Hollywood Causes Cancer:The Tom Green Story
- The Tom Green Story
- Author: Tom Green Allen Rucker
- Cover artist: David Tran
- Language: English
- Genre: Autobiography
- Publisher: Three Rivers Press
- Publication date: 2004
- Publication place: United States
- Media type: Print (Hardback & Paperback)
- Pages: 257 pp (first edition, hardback)
- ISBN: 1-4000-5277-7
- OCLC: 62679739

= Hollywood Causes Cancer =

Autobiography of Tom Green

Hollywood Causes Cancer: The Tom Green Story is the autobiography of Tom Green, co-written with Allen Rucker.
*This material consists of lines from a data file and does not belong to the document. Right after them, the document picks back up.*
lemma is_Csup_subordinate_bumps:
  assumes H: "H \<subseteq> Cfun X"
  shows "is_Csup X (subordinate_bumps X H) (\<lambda>x. 1)"
proof (rule is_CsupI)
  show "(\<lambda>x. 1) \<in> Cfun X" by (simp add: Cfun_def)
next
  show "g x \<le> 1" if "g \<in> subordinate_bumps X H" "x \<in> topspace X" for g x
    using that unfolding subordinate_bumps_def by simp
next
  fix u x0
  assume u: "u \<in> Cfun X" and ub: "\<And>g x. g \<in> subordinate_bumps X H \<Longrightarrow> x \<in> topspace X \<Longrightarrow> g x \<le> u x"
    and x0: "x0 \<in> topspace X"
  show "1 \<le> u x0"
  proof (rule ccontr)
    assume "\<not> 1 \<le> u x0"
    define v where "v x = max 0 (1 - u x)" for x
    have v: "v \<in> Cfun X" "\<And>x. 0 \<le> v x" and "v x0 > 0"
      using u \<open>\<not> 1 \<le> u x0\<close> unfolding v_def Cfun_def by (auto intro!: continuous_intros)
    obtain w x1 where w: "w \<in> Cfun X" "\<And>x. 0 \<le> w x" and x1: "x1 \<in> topspace X" "w x1 > 0"
      and "cozero X w \<subseteq> cozero X v"
      and sub: "(\<exists>h\<in>H. cozero X w \<subseteq> cozero X h) \<or> (\<forall>h\<in>H. disjnt (cozero X w) (cozero X h))"
    proof (cases "\<exists>h\<in>H. \<not> disjnt (cozero X v) (cozero X h)")
      case True
      then obtain h x1 where "h \<in> H" "x1 \<in> topspace X" "h x1 \<noteq> 0" "v x1 \<noteq> 0"
        unfolding disjnt_def by auto
      moreover have "(\<lambda>x. min \<bar>h x\<bar> (v x)) \<in> Cfun X"
        using H v(1) \<open>h \<in> H\<close> unfolding Cfun_def by (auto intro!: continuous_intros)
      moreover have "cozero X (\<lambda>x. min \<bar>h x\<bar> (v x)) \<subseteq> cozero X h"
        "cozero X (\<lambda>x. min \<bar>h x\<bar> (v x)) \<subseteq> cozero X v"
        using v(2) by (auto simp: min_def split: if_splits)
      ultimately show thesis
        using v(2) by (intro that[of "\<lambda>x. min \<bar>h x\<bar> (v x)" x1]) (auto simp: less_le)
    next
      case False
      then show thesis using v \<open>v x0 > 0\<close> x0 by (intro that[of v x0]) auto
    qed
    obtain g where "g \<in> Cfun X" "g x1 = 1" "\<And>x. x \<in> topspace X \<Longrightarrow> 0 \<le> g x \<and> g x \<le> 1"
      "cozero X g = cozero X w"
      using normalized_bump[OF w(1) w(2) x1(2)] by blast
    with sub have "g \<in> subordinate_bumps X H" unfolding subordinate_bumps_def by auto
    then have "1 \<le> u x1" using ub x1(1) \<open>g x1 = 1\<close> by fastforce
    moreover have "x1 \<in> cozero X v"
      using x1 \<open>cozero X w \<subseteq> cozero X v\<close> by force
    ultimately show False unfolding v_def by simp
  qed
qed

lemma cozero_ccc_if_countable_sup_property:
  assumes csp: "countable_sup_property X"
  shows "cozero_ccc X"
  unfolding cozero_ccc_def
proof (intro allI impI, elim conjE)
  fix H assume H: "H \<subseteq> Cfun X" and ne: "\<forall>h\<in>H. cozero X h \<noteq> {}"
    and disj: "pairwise (\<lambda>h k. disjnt (cozero X h) (cozero X k)) H"
  let ?F = "subordinate_bumps X H"
  have "(\<lambda>x. 0) \<in> ?F" unfolding subordinate_bumps_def Cfun_def cozero_def by simp
  moreover have "?F \<subseteq> Cfun X" unfolding subordinate_bumps_def by blast
  ultimately have "\<exists>G. G \<subseteq> ?F \<and> countable G \<and> G \<noteq> {} \<and> is_Csup X G (\<lambda>x. 1)"
    using csp is_Csup_subordinate_bumps[OF H] unfolding countable_sup_property_def by blast
  then obtain G where G: "G \<subseteq> ?F" "countable G" "is_Csup X G (\<lambda>x. 1)"
    by blast
  have cover: "H \<subseteq> (\<Union>g\<in>G. {h\<in>H. \<not> disjnt (cozero X g) (cozero X h)})"
  proof
    fix h assume "h \<in> H"
    show "h \<in> (\<Union>g\<in>G. {h\<in>H. \<not> disjnt (cozero X g) (cozero X h)})"
    proof (rule ccontr)
      assume "\<not> ?thesis"
      with \<open>h \<in> H\<close> have miss: "\<And>g x. g \<in> G \<Longrightarrow> x \<in> topspace X \<Longrightarrow> g x \<noteq> 0 \<Longrightarrow> h x = 0"
        unfolding disjnt_def cozero_def by blast
      define u where "u x = 1 - min 1 \<bar>h x\<bar>" for x
      have "u \<in> Cfun X"
        using H \<open>h \<in> H\<close> unfolding u_def Cfun_def by (auto intro!: continuous_intros)
      moreover have "g x \<le> u x" if "g \<in> G" "x \<in> topspace X" for g x
        using miss[OF that] G(1) that unfolding u_def subordinate_bumps_def by fastforce
      ultimately have "1 \<le> u x" if "x \<in> topspace X" for x
        using is_Csup_least[OF G(3)] that by blast
      moreover obtain x where "x \<in> topspace X" "h x \<noteq> 0"
        using ne \<open>h \<in> H\<close> unfolding cozero_def by blast
      ultimately have "1 \<le> u x" by blast
      with \<open>h x \<noteq> 0\<close> show False unfolding u_def by (simp add: min_def split: if_splits)
    qed
  qed
  have meets_countable: "countable {h\<in>H. \<not> disjnt (cozero X g) (cozero X h)}" if "g \<in> G" for g
  proof -
    have "(\<exists>h\<in>H. cozero X g \<subseteq> cozero X h) \<or> (\<forall>h\<in>H. disjnt (cozero X g) (cozero X h))"
      using G(1) that unfolding subordinate_bumps_def by blast
    then show ?thesis
    proof (elim disjE bexE)
      fix h0 assume "h0 \<in> H" "cozero X g \<subseteq> cozero X h0"
      have "h = h0" if "h \<in> H" "\<not> disjnt (cozero X g) (cozero X h)" for h
      proof (rule ccontr)
        assume "h \<noteq> h0"
        then have "disjnt (cozero X h) (cozero X h0)"
          using disj \<open>h \<in> H\<close> \<open>h0 \<in> H\<close> unfolding pairwise_def by blast
        with that(2) \<open>cozero X g \<subseteq> cozero X h0\<close> show False
          unfolding disjnt_def by blast
      qed
      then have "{h\<in>H. \<not> disjnt (cozero X g) (cozero X h)} \<subseteq> {h0}" by blast
      then show ?thesis by (rule countable_subset) simp
    next
      assume "\<forall>h\<in>H. disjnt (cozero X g) (cozero X h)"
      then have "{h\<in>H. \<not> disjnt (cozero X g) (cozero X h)} = {}" by blast
      then show ?thesis by (simp only: countable_empty)
    qed
  qed
  show "countable H"
    using cover countable_UN[OF G(2) meets_countable] by (rule countable_subset)
qed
Published in 2004, it recounts Green's upbringing and acting career.

==Synopsis==
The book is an autobiography of Green's first 32 years of life. It recounts his beginnings growing up in Ottawa, Canada. It then goes on to detail his career beginnings, as he first appeared as a talk show host on a public access show in Canada. The book offers an inside view of Green's primary career successes and notable moments: his successful talk show The Tom Green Show on MTV, his appearance on Saturday Night Live, his short marriage to Drew Barrymore, and his films Road Trip and Freddy Got Fingered.